Why can't electrostatic forces "pierce" through thin obstacles the way magnetic forces do? We know that two magnets attract or repel each other even when we keep a very thin obstacle between them such as paper. Why doesn't the same hold good for two charged objects?
 A: The implied assertion that magnetostatic fields can penetrate thin layers better than electrostatic ones does have some truth to it and the reason is that there is no free magnetic charge, whereas matter is electrically charged. If a material is conductive, electric charge migrates until there is no force on it, or until all forces are balanced. That is, charges arrange themselves to annul the electric field inside the body of a conductor, otherwise the conduction charge inside would keep moving under the influence of the electric field until there were no electric field there. Electric field lines enter conductors normal to the conductor's surface for the same reason - charges rearrange themselves until the forces on them are normal to the interface between the conductor and the outside World, otherwise the charges keep moving along the conductor under the influence of any tangential electric field until the latter is annulled.
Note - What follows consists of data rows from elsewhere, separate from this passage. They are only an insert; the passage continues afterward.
text \<open>Binary trees are represented as sets of nodes, each node being the bool list
  of the path from the root.\<close>

definition full_tree :: "bool list set \<Rightarrow> bool" where
  "full_tree T \<longleftrightarrow> [] \<in> T \<and>
     (\<forall>x y. x @ y \<in> T \<longrightarrow> x \<in> T) \<and>
     (\<forall>x\<in>T. (x @ [True] \<in> T) = (x @ [False] \<in> T))"

definition leaves :: "bool list set \<Rightarrow> bool list set" where
  "leaves T = {x \<in> T. x @ [True] \<notin> T \<and> x @ [False] \<notin> T}"

definition prefix_code :: "bool list set \<Rightarrow> (nat \<times> nat \<Rightarrow> bool list) \<Rightarrow> bool" where
  "prefix_code T f \<longleftrightarrow> full_tree T \<and> bij_betw f UNIV (leaves T)"

definition tdgd :: "real \<Rightarrow> nat \<times> nat \<Rightarrow> real" where
  "tdgd q = (\<lambda>(i, j). (1 - q)^2 * q ^ (i + j))"

definition exp_len :: "real \<Rightarrow> (nat \<times> nat \<Rightarrow> bool list) \<Rightarrow> ennreal" where
  "exp_len q f = (\<Sum>\<^sub>\<infinity> a. ennreal (tdgd q a * real (length (f a))))"

definition optimal :: "real \<Rightarrow> bool list set \<Rightarrow> (nat \<times> nat \<Rightarrow> bool list) \<Rightarrow> bool" where
  "optimal q T f \<longleftrightarrow> prefix_code T f \<and>
     (\<forall>T' f'. prefix_code T' f' \<longrightarrow> exp_len q f \<le> exp_len q f')"
lemma calK_eq_frac_interpolation:
  "calK N x = (1 - frac x) \<cdot>\<^sub>m cyclic_shift_mat N \<lfloor>x\<rfloor> + frac x \<cdot>\<^sub>m cyclic_shift_mat N (\<lfloor>x\<rfloor> + 1)"
proof -
  have "calK N x = cyclic_shift_mat N \<lfloor>x\<rfloor>
      * ((1 - frac x) \<cdot>\<^sub>m cyclic_shift_mat N 0 + frac x \<cdot>\<^sub>m cyclic_shift_mat N 1)"
    by (simp add: calK_def Knu_def frac_def shiftK_int_eq_cyclic_shift_mat shiftK_eq_cyclic_shift_mat
        cyclic_shift_mat_0)
  also have "\<dots> = (1 - frac x) \<cdot>\<^sub>m cyclic_shift_mat N \<lfloor>x\<rfloor> + frac x \<cdot>\<^sub>m cyclic_shift_mat N (\<lfloor>x\<rfloor> + 1)"
    by (simp add: square_mat_distribs[where N = N] cyclic_shift_mat_mult)
  finally show ?thesis .
qed

lemma calK_eq_interpolation:
  assumes "0 \<le> \<theta>" "\<theta> \<le> 1"
  shows "calK N (of_int k + \<theta>) = (1 - \<theta>) \<cdot>\<^sub>m cyclic_shift_mat N k + \<theta> \<cdot>\<^sub>m cyclic_shift_mat N (k + 1)"
proof (cases "\<theta> = 1")
  case True
  then show ?thesis
    using calK_eq_frac_interpolation[of N "of_int (k + 1)"] by (auto intro!: eq_matI)
next
  case False
  with assms have "\<lfloor>of_int k + \<theta>\<rfloor> = k" "frac (of_int k + \<theta>) = \<theta>"
    by (auto simp: floor_eq_iff frac_def)
  then show ?thesis
    using calK_eq_frac_interpolation[of N "of_int k + \<theta>"] by simp
qed

lemma calK_carrier [simp]: "calK N x \<in> carrier_mat N N"
  by (simp add: calK_eq_frac_interpolation)
lemma submatrix_Amat_witness_point_index:
  assumes p: "p < length (xy_list n)" and q: "q < length (xy_list n)"
  defines "a \<equiv> xy_list n ! p"
  shows "submatrix (Amat n witness_point) (xy_indices n) (xy_indices n) $$ (p, q)
    = of_int (bracket a (xy_list n ! q) (pair_centre a))"
proof -
  let ?I = "xy_indices n"
  have pick: "pick ?I r = Suc r" if "r < length (xy_list n)" for r
  proof -
    have "{b \<in> ?I. b < Suc r} = {1..<Suc r}" using that by (auto simp: xy_indices_def)
    then show ?thesis using pick_card_in_set[of "Suc r" ?I] that by (simp add: xy_indices_def)
  qed
  have len: "Suc r < length (gbasis_list n)" if "r < length (xy_list n)" for r
    using that by (simp add: gbasis_list_eq)
  have nth: "gbasis_list n ! Suc r = xy_list n ! r" if "r < length (xy_list n)" for r
    using that by (simp add: gbasis_list_eq nth_append)
  have "p < card ?I" "q < card ?I" using p q by (simp_all add: card_xy_indices)
  then have "submatrix (Amat n witness_point) ?I ?I $$ (p, q)
      = Amat n witness_point $$ (pick ?I p, pick ?I q)"
    by (rule submatrix_index_subset[OF Amat_carrier xy_indices_subset xy_indices_subset])
  also have "\<dots> = Amat n witness_point $$ (Suc p, Suc q)" using pick p q by simp
  also have "\<dots> = of_int (bracket a (xy_list n ! q) (pair_centre a))"
  proof -
    have xy: "gbasis_list n ! Suc p \<in> set (xy_list n)" using nth[OF p] nth_mem[OF p] by simp
    from Amat_witness_point_index[OF len[OF p] len[OF q] xy]
    show ?thesis by (simp only: nth[OF p] nth[OF q] a_def)
  qed
  finally show ?thesis .
qed

lemma det_minor_Amat_witness_point_nonzero:
  "det (submatrix (Amat n (witness_point :: gbasis \<Rightarrow> 'a::{idom, ring_char_0}))
     (xy_indices n) (xy_indices n)) \<noteq> 0"
proof -
  let ?xs = "xy_list n"
    and ?S = "submatrix (Amat n (witness_point :: gbasis \<Rightarrow> 'a)) (xy_indices n) (xy_indices n)"
  let ?N = "length ?xs" and ?\<sigma> = "position_map ?xs partner"
  have S: "?S \<in> carrier_mat ?N ?N"
    using submatrix_carrier_mat[OF Amat_carrier xy_indices_subset xy_indices_subset]
    by (simp add: card_xy_indices)
  have xs: "distinct ?xs" using distinct_gbasis_list[of n] by (simp add: gbasis_list_eq)
  note \<sigma> = nth_position_map[OF xs partner_xy_list]
  have "det ?S = signof ?\<sigma> * (\<Prod>i = 0..<?N. ?S $$ (i, ?\<sigma> i))"
  proof (rule det_permutation_support[OF S
      position_map_permutes[OF xs partner_xy_list partner_partner]])
    fix i j assume ij: "i < ?N" "j < ?N" "j \<noteq> ?\<sigma> i"
    then have "?xs ! j \<noteq> partner (?xs ! i)"
      using \<sigma>[OF ij(1)] nth_eq_iff_index_eq[OF xs ij(2) \<sigma>(1)[OF ij(1)]] by metis
    then show "?S $$ (i, j) = 0"
      using ij pair_centre_xy_list(3)[OF nth_mem[OF ij(1)]]
      by (simp add: submatrix_Amat_witness_point_index)
  qed
  moreover have "?S $$ (i, ?\<sigma> i) \<noteq> 0" if i: "i < ?N" for i
  proof -
    have "bracket (?xs ! i) (?xs ! ?\<sigma> i) (pair_centre (?xs ! i)) \<noteq> 0"
      using \<sigma>(2)[OF i] pair_centre_xy_list(3)[OF nth_mem[OF i]] by simp
    then show ?thesis by (simp add: submatrix_Amat_witness_point_index[OF i \<sigma>(1)[OF i]])
  qed
  then have "(\<Prod>i = 0..<?N. ?S $$ (i, ?\<sigma> i)) \<noteq> 0" by simp
  moreover have "signof ?\<sigma> \<noteq> (0::'a)" by (simp add: sign_def)
  ultimately show ?thesis by simp
qed

lemma card_le_if_det_minor_Amat_nonzero:
  fixes x :: "gbasis \<Rightarrow> 'a::{idom, ring_char_0}"
  assumes n: "n \<ge> 2"
    and IJ: "I \<subseteq> {..<length (gbasis_list n)}" "J \<subseteq> {..<length (gbasis_list n)}" "card J = card I"
    and det: "det (submatrix (Amat n x) I J) \<noteq> 0"
  shows "card I \<le> 2 * (n - 1)"
proof (rule ccontr)
  let ?K = "{..<length (H # xy_list n)}"
  assume big: "\<not> card I \<le> 2 * (n - 1)"
  have "i \<in> ?K \<and> j \<in> ?K" if "i < length (gbasis_list n)" "j < length (gbasis_list n)"
    and "Amat n x $$ (i, j) \<noteq> 0" for i j
    using Amat_support[OF that] by simp
  note IK = det_submatrix_nonzero_imp_subset(1)[OF Amat_carrier IJ this det]
    and JK = det_submatrix_nonzero_imp_subset(2)[OF Amat_carrier IJ this det]
  have cK: "card ?K = Suc (2 * (n - 1))" using length_xy_list[OF n] by simp
  have "card I \<le> card ?K" using card_mono[OF finite_lessThan IK] .
  then have cI: "card I = card ?K" using big cK by simp
  have "I = ?K" using card_subset_eq[OF finite_lessThan IK cI] .
  moreover have "J = ?K" using card_subset_eq[OF finite_lessThan JK] cI IJ(3) by simp
  moreover have "?K \<subseteq> {..<length (gbasis_list n)}" by (auto simp: gbasis_list_eq)
  moreover have "odd (card ?K)" using cK by simp
  ultimately have "det (submatrix (Amat n x) I J) = 0"
    using det_principal_submatrix_skew_odd[OF Amat_carrier _ _ Amat_skew] by blast
  then show False using det by simp
qed

lemma generic_rank_eq:
  assumes n: "n \<ge> 2"
  shows "generic_rank TYPE('a::field_char_0) n = 2 * (n - 1)"
proof -
  let ?d = "length (gbasis_list n)"
  define R where "R = {r. \<exists>I J. I \<subseteq> {..<?d} \<and> J \<subseteq> {..<?d} \<and> card I = r \<and> card J = r \<and>
        (\<exists>x :: gbasis \<Rightarrow> 'a. det (submatrix (Amat n x) I J) \<noteq> 0)}"
  have "card I \<le> ?d" if "I \<subseteq> {..<?d}" for I :: "nat set"
    using card_mono[OF finite_lessThan that] by simp
  then have "finite R" by (intro finite_subset[of R "{..?d}"]) (auto simp: R_def)
  moreover have "r \<le> 2 * (n - 1)" if "r \<in> R" for r
  proof -
    from that obtain I J and x :: "gbasis \<Rightarrow> 'a" where
      IJ: "I \<subseteq> {..<?d}" "J \<subseteq> {..<?d}" "card I = r" "card J = r"
      and det: "det (submatrix (Amat n x) I J) \<noteq> 0"
      by (auto simp: R_def)
    show ?thesis using card_le_if_det_minor_Amat_nonzero[OF n IJ(1,2) _ det] IJ(3,4) by simp
  qed
  moreover have "2 * (n - 1) \<in> R"
  proof -
    have "card (xy_indices n) = 2 * (n - 1)" using card_xy_indices length_xy_list[OF n] by simp
    then show ?thesis unfolding R_def
      using xy_indices_subset[of n] det_minor_Amat_witness_point_nonzero[of n, where 'a = 'a] by blast
  qed
  ultimately show ?thesis unfolding generic_rank_def R_def[symmetric] by (rule Max_eqI)
qed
Therefore, many materials exclude electric fields. Magnetically shielding materials also exist, but these work by a wholly different principle. Hollow mu-metal shields (such as those used around cathode ray oscilloscopes) exclude magnetic fields from the hollow by providing a low magnetic reluctance path along the shield and around the hollow. This happens simply because the mu metal has an enormous relative permeability - typically approaching $10^5$.